If you can attribute American patriotism or the Tea Party to Calvinism, you have a term that is almost as much of a wax nose as evangelicalism. This is why the phrase Reformed Protestant is better than Calvinism. Reformed Protestant has a definite meaning that Calvinism doesn’t.
And this is why the so-called New Calvinism thrives (at least in its own promoters’ minds). Take for instance the question of diversity, a factor that lets New Calvinists think they are the mainstream. Here is Matthew Barrett on John Piper:
Some today are surprised by the wide diversity within New Calvinism, including everyone from Lecrae to the Gettys, or R. C. Sproul to Francis Chan. Piper points out that this diversity among Reformed-minded folks has always been present. All one has to do is look back at the long list of Calvinists in church history. Piper suggests comparing Augustine and Adoniram Judson, Francis Turretin and John Bunyan, John Calvin and Chapiper-writingrles Spurgeon, John Knox and J. I. Packer, Cotton Mather and R. C. Sproul, Abraham Kuyper and William Carey, Haynes and Dabney, Theodore Beza and James Boice, Isaac Backus and Martin Lloyd-Jones, etc. “If there is such a diversity in the Old,” Piper argues, “then we really cannot find dividing lines between the Old and the New.”
He goes on to say, “The Old is too diverse and the connections between Old and New too organic to claim things that are new in the New that were not present in any aspects in the Old.” The New is too assorted to claim any “downgrade” or “upgrade” from the Old. History is too complex for “broad brush commendations of one over the other or condemnations of one under the other.” Hence, any “given issue that you try to address you can find periods and persons and movements among the Old that would outshine the New.” Piper concludes, “There is no claim, therefore, in my assessment that the New is better.” From here Piper goes on to give 12 features that define the New Calvinism.

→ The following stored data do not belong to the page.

lemma pullback_leg_kernel:
  assumes pb: "is_pullback C f g p q" and f: "hom C f A D" and g: "hom C g B D" and P: "Dom C p = P"
    and j: "is_kernel C j q" "hom C j K P"
  shows "is_kernel C (p \<cdot> j) f"
proof -
  have dom_cod: "Dom C f = A" "Dom C g = B" "Dom C j = K"
    using f g j(2) unfolding hom_def by auto
  note pullback = is_pullbackD[OF pb dom_cod(1,2) P]
  have "Dom C q = P" "Cod C q = B"
    using pullback(2) unfolding hom_def by auto
  note kernel = is_kernelD[OF j(1) dom_cod(3) this]
  have objs: "B \<in> Obj C" "D \<in> Obj C" "K \<in> Obj C"
    using hom_objs[OF g] hom_objs[OF j(2)] by auto
  note arrs = f[unfolded hom_def] g[unfolded hom_def] pullback(1,2)[unfolded hom_def] j(2)[unfolded hom_def]
  show ?thesis
  proof (rule is_kernelI[OF hom_comp[OF j(2) pullback(1)] f])
    show "f \<cdot> (p \<cdot> j) = zero K D"
      using kernel(3) arrs objs by (simp add: comp_reassoc[OF pullback(3)])
  next
    fix T x assume x: "hom C x T A" and x0: "f \<cdot> x = zero T D"
    then have "f \<cdot> x = g \<cdot> zero T B"
      using arrs objs hom_objs[OF x] by simp
    then obtain h where h: "hom C h T P" "p \<cdot> h = x" "q \<cdot> h = zero T B"
      using pullback(4)[OF x hom_zero[OF _ objs(1)]] hom_objs[OF x] by blast
    then obtain s where s: "hom C s T K" "j \<cdot> s = h"
      using kernel(4) by blast
    then have "(p \<cdot> j) \<cdot> s = x"
      using h(2) comp_assoc[OF s(1) j(2) pullback(1)] by simp
    then show "\<exists>s. hom C s T K \<and> (p \<cdot> j) \<cdot> s = x"
      using s(1) by blast
  next
    fix T h h' assume h: "hom C h T K" and h': "hom C h' T K" and eq: "(p \<cdot> j) \<cdot> h = (p \<cdot> j) \<cdot> h'"
    have "q \<cdot> (j \<cdot> h) = q \<cdot> (j \<cdot> h')"
      using h h' arrs objs by (simp add: comp_reassoc[OF kernel(3)] hom_def)
    then have "j \<cdot> h = j \<cdot> h'"
      using pullback(5)[OF hom_comp[OF h j(2)] hom_comp[OF h' j(2)]] eq h h' arrs by (simp add: hom_def)
    then show "h = h'"
      by (rule kernel(5)[OF h h'])
  qed
qed

lemma bourn_normal_kernel:
  assumes "bourn_normal C n" and n: "hom C n X Y"
  obtains R r1 r2 k where "equivalence_relation C R r1 r2 Y" "hom C k X R"
    "is_kernel C k r1" "r2 \<cdot> k = n"
proof -
  have dom_cod: "Dom C n = X" "Cod C n = Y"
    using n unfolding hom_def by auto
  obtain R r1 r2 P p1 p2 m where R: "equivalence_relation C R r1 r2 Y"
    and P: "is_product C P p1 p2 X X" and m: "hom C m P R"
    and m2: "r2 \<cdot> m = n \<cdot> p2" and pb: "is_pullback C r1 n m p1"
    using assms(1) unfolding bourn_normal_def dom_cod by blast
  note rel = equivalence_relationD[OF R]
  note prod = is_productD[OF P]
  have X: "X \<in> Obj C"
    using hom_objs[OF n] by blast
  obtain j where j: "hom C j X P" "p1 \<cdot> j = zero X X" "p2 \<cdot> j = Id C X"
    using prod(3)[OF hom_zero[OF X X] hom_id[OF X]] by blast
  have "Dom C m = P"
    using m unfolding hom_def by simp
  then have "is_kernel C (m \<cdot> j) r1"
    using pullback_leg_kernel[OF pb rel(1) n _ product_kernel[OF P j] j(1)] by blast
  moreover have "r2 \<cdot> (m \<cdot> j) = n"
    using j m n rel(2) prod(2) unfolding hom_def by (simp add: comp_reassoc[OF m2])
  ultimately show thesis
    using that R hom_comp[OF j(1) m] by blast
qed

end

locale finitely_complete_pointed_category = pointed_category +
  assumes finite_limits: "has_finite_limits C"
begin

lemma pullback_exists:
  assumes "hom C f A D" "hom C g B D"
  obtains p q where "is_pullback C f g p q"
proof -
  have "has_pullbacks C"
    using finite_limits unfolding has_finite_limits_def by blast
  moreover have "f \<in> Arr C \<and> g \<in> Arr C \<and> Cod C f = Cod C g"
    using assms unfolding hom_def by auto
  ultimately show thesis
    using that unfolding has_pullbacks_def by blast
qed

lemma product_exists:
  assumes A: "A \<in> Obj C" and B: "B \<in> Obj C"
  obtains P p1 p2 where "is_product C P p1 p2 A B"
proof -
  obtain p q where pb: "is_pullback C (to_zero A) (to_zero B) p q"
    using pullback_exists[OF to_zero[OF A] to_zero[OF B]] .
  have "Dom C (to_zero A) = A" "Dom C (to_zero B) = B"
    using to_zero A B unfolding hom_def by auto
  note pullback = is_pullbackD[OF pb this refl]
  have "is_product C (Dom C p) p q A B"
    unfolding is_product_def
  proof (intro conjI allI impI)
    show "hom C p (Dom C p) A" "hom C q (Dom C p) B"
      using pullback(1,2) .
    fix T a b assume "hom C a T A \<and> hom C b T B"
    then have a: "hom C a T A" and b: "hom C b T B"
      by auto
    have "to_zero A \<cdot> a = to_zero T" "to_zero B \<cdot> b = to_zero T"
      using to_zero_unique[OF hom_comp[OF a to_zero[OF A]]] to_zero_unique[OF hom_comp[OF b to_zero[OF B]]] .
    then obtain h where h: "hom C h T (Dom C p)" "p \<cdot> h = a" "q \<cdot> h = b"
      using pullback(4)[OF a b] by auto
    show "\<exists>!h. hom C h T (Dom C p) \<and> p \<cdot> h = a \<and> q \<cdot> h = b"
    proof (rule ex1I[of _ h])
      fix h' assume "hom C h' T (Dom C p) \<and> p \<cdot> h' = a \<and> q \<cdot> h' = b"
      then show "h' = h"
        by (intro pullback(5)[OF _ h(1)]) (use h in auto)
    qed (use h in blast)
  qed
  then show thesis
    by (rule that)
qed

lemma equalizer_exists:
  assumes a: "hom C a A B" and b: "hom C b A B"
  obtains E e where "hom C e E A" "is_equalizer C e a b"
proof -
  have B: "B \<in> Obj C"
    using hom_objs[OF a] by blast
  obtain P p1 p2 where P: "is_product C P p1 p2 B B"
    using product_exists[OF B B] .
  note prod = is_productD[OF P]
  obtain ab where ab: "hom C ab A P" "p1 \<cdot> ab = a" "p2 \<cdot> ab = b"
    using prod(3)[OF a b] by blast
  obtain d where d: "hom C d B P" "p1 \<cdot> d = Id C B" "p2 \<cdot> d = Id C B"
    using prod(3)[OF hom_id[OF B] hom_id[OF B]] by blast
  obtain e q where pb: "is_pullback C ab d e q"
    using pullback_exists[OF ab(1) d(1)] .
  have "Dom C ab = A" "Dom C d = B"
    using ab(1) d(1) unfolding hom_def by auto
  note pullback = is_pullbackD[OF pb this refl]
  define E where "E = Dom C e"
  note arrs = a[unfolded hom_def] b[unfolded hom_def] prod(1,2)[unfolded hom_def]
    ab(1)[unfolded hom_def] d(1)[unfolded hom_def] pullback(1,2)[unfolded hom_def]
  have "p1 \<cdot> (ab \<cdot> e) = p1 \<cdot> (d \<cdot> q)" "p2 \<cdot> (ab \<cdot> e) = p2 \<cdot> (d \<cdot> q)"
    using pullback(3) by simp_all
  then have ae: "a \<cdot> e = q" and be: "b \<cdot> e = q"
    using arrs B by (simp_all add: comp_reassoc[OF ab(2)] comp_reassoc[OF ab(3)]
        comp_reassoc[OF d(2)] comp_reassoc[OF d(3)])
  have "is_equalizer C e a b"
  proof (rule is_equalizerI[OF pullback(1)[folded E_def] a b])
    show "a \<cdot> e = b \<cdot> e"
      using ae be by simp
  next
    fix T x assume x: "hom C x T A" and eq: "a \<cdot> x = b \<cdot> x"
    have "ab \<cdot> x = d \<cdot> (a \<cdot> x)"
      by (rule prod(4)[OF hom_comp[OF x ab(1)] hom_comp[OF hom_comp[OF x a] d(1)]])
        (use x eq arrs B in \<open>simp_all add: comp_reassoc[OF ab(2)] comp_reassoc[OF ab(3)]
          comp_reassoc[OF d(2)] comp_reassoc[OF d(3)] hom_def\<close>)
    then show "\<exists>h. hom C h T E \<and> e \<cdot> h = x"
      unfolding E_def using pullback(4)[OF x hom_comp[OF x a]] by blast
  next
    fix T h h' assume h: "hom C h T E" and h': "hom C h' T E" and eq: "e \<cdot> h = e \<cdot> h'"
    have "q \<cdot> h = q \<cdot> h'"
      using eq h h' arrs E_def by (simp add: comp_reassoc[OF ae, symmetric] hom_def)
    then show "h = h'"
      using pullback(5) h h' eq E_def by blast
  qed
  then show thesis
    using that pullback(1) by blast
qed

lemma bourn_normalI:
  assumes R: "equivalence_relation C R r1 r2 Y" and m: "mono C m" "hom C m S Y"
    and k: "is_kernel C k r1" "hom C k S R" and k2: "r2 \<cdot> k = m"
  shows "bourn_normal C m"
proof -
  have S: "S \<in> Obj C"
    using hom_objs[OF m(2)] by blast
  obtain P p1 p2 where P: "is_product C P p1 p2 S S"
    using product_exists[OF S S] .
  note prod = is_productD[OF P]
  have "r1 \<cdot> k = zero S Y"
    using is_kernelD(3)[OF k(1)] k(2) equivalence_relationD(1)[OF R] unfolding hom_def by blast
  then obtain t where t: "hom C t P R" "r1 \<cdot> t = m \<cdot> p1" "r2 \<cdot> t = m \<cdot> p2"
    using zero_class_related[OF R k(2) _ k2 prod(1,2)] by blast
  moreover have "Dom C m = S" "Cod C m = Y"
    using m(2) unfolding hom_def by auto
  ultimately show ?thesis
    unfolding bourn_normal_def using m(1) R P zero_class_pullback[OF R m k k2 P t] by metis
qed

end

locale pointed_protomodular_category = finitely_complete_pointed_category +
  assumes protomodular: "protomodular C"
begin

text \<open>This is where the split short five lemma is used: \<open>e\<close> is a morphism of split extensions
  from \<open>(k', p e, s')\<close> to \<open>(k, p, s)\<close> that is the identity on kernels and on codomains.\<close>

lemma kernel_section_subobject_iso:
  assumes k: "is_kernel C k p" "hom C k K A" and p: "hom C p A B" and s: "hom C s B A"
    and ps: "p \<cdot> s = Id C B" and e: "mono C e" "hom C e E A"
    and k': "hom C k' K E" "e \<cdot> k' = k" and s': "hom C s' B E" "e \<cdot> s' = s"
  shows "iso C e"
proof -
  have K: "K \<in> Obj C" and B: "B \<in> Obj C"
    using hom_objs[OF k(2)] hom_objs[OF p] by auto
  note arrs = e(2)[unfolded hom_def] p[unfolded hom_def] k'(1)[unfolded hom_def]
    s'(1)[unfolded hom_def] k(2)[unfolded hom_def]
  have "(p \<cdot> e) \<cdot> s' = Id C B"
    using s' ps arrs by simp
  then show ?thesis
    using protomodular[unfolded protomodular_def, rule_format,
        of k' "p \<cdot> e" s' k p s "Id C K" e "Id C B"]
    using kernel_factor_through_mono[OF k p e k'] k ps s'(1) s hom_id[OF K] hom_id[OF B]
      k'(2) s'(2) arrs K B iso_Id[OF K] iso_Id[OF B]
    by (simp add: hom_def)
qed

I wonder what Piper or Barrett would say about New Calvinism’s diversity being the product (as Nate commented) of waffling, for instance, on baptism and charismatic gifts, the way that Old Calvinism doesn’t. In other words, diversity is a sign of failure, not an indication of strength.
Plus, if you define Calvinism by the creeds and confessions of the Reformed churches, which is how Calvinism started, you find remarkable coherence. Spurgeon, Judson, and Piper are out. Knox, Kuyper, and Dabney are in.
And this is what Old Calvinists find so alarming about the New Calvinists. They can understand themselves entirely as a categorical abstraction (Piper’s 12 points) without relationship to word, sacrament, or discipline — the marks of the church (as in, Reformed according to the word). In fact, aside from the implicit hubris in the New Calvinists’ understanding of the past, do these guys, as Tim Challies apparently believes, think they are in the mainstream? Can you really be in the mainstream when instead of church you chart your existence by conferences and organizations like Gospel Coalition, Acts 29, and Sovereign Grace? Have I got a book for Tim.
My understanding of earth sciences is spotty, but new bodies of water generally do not become the mainstream within three decades unless you do some serious dirt moving (and that didn’t even spare New Orleans). But cheerleaders always think their team is number one, even when they are losing.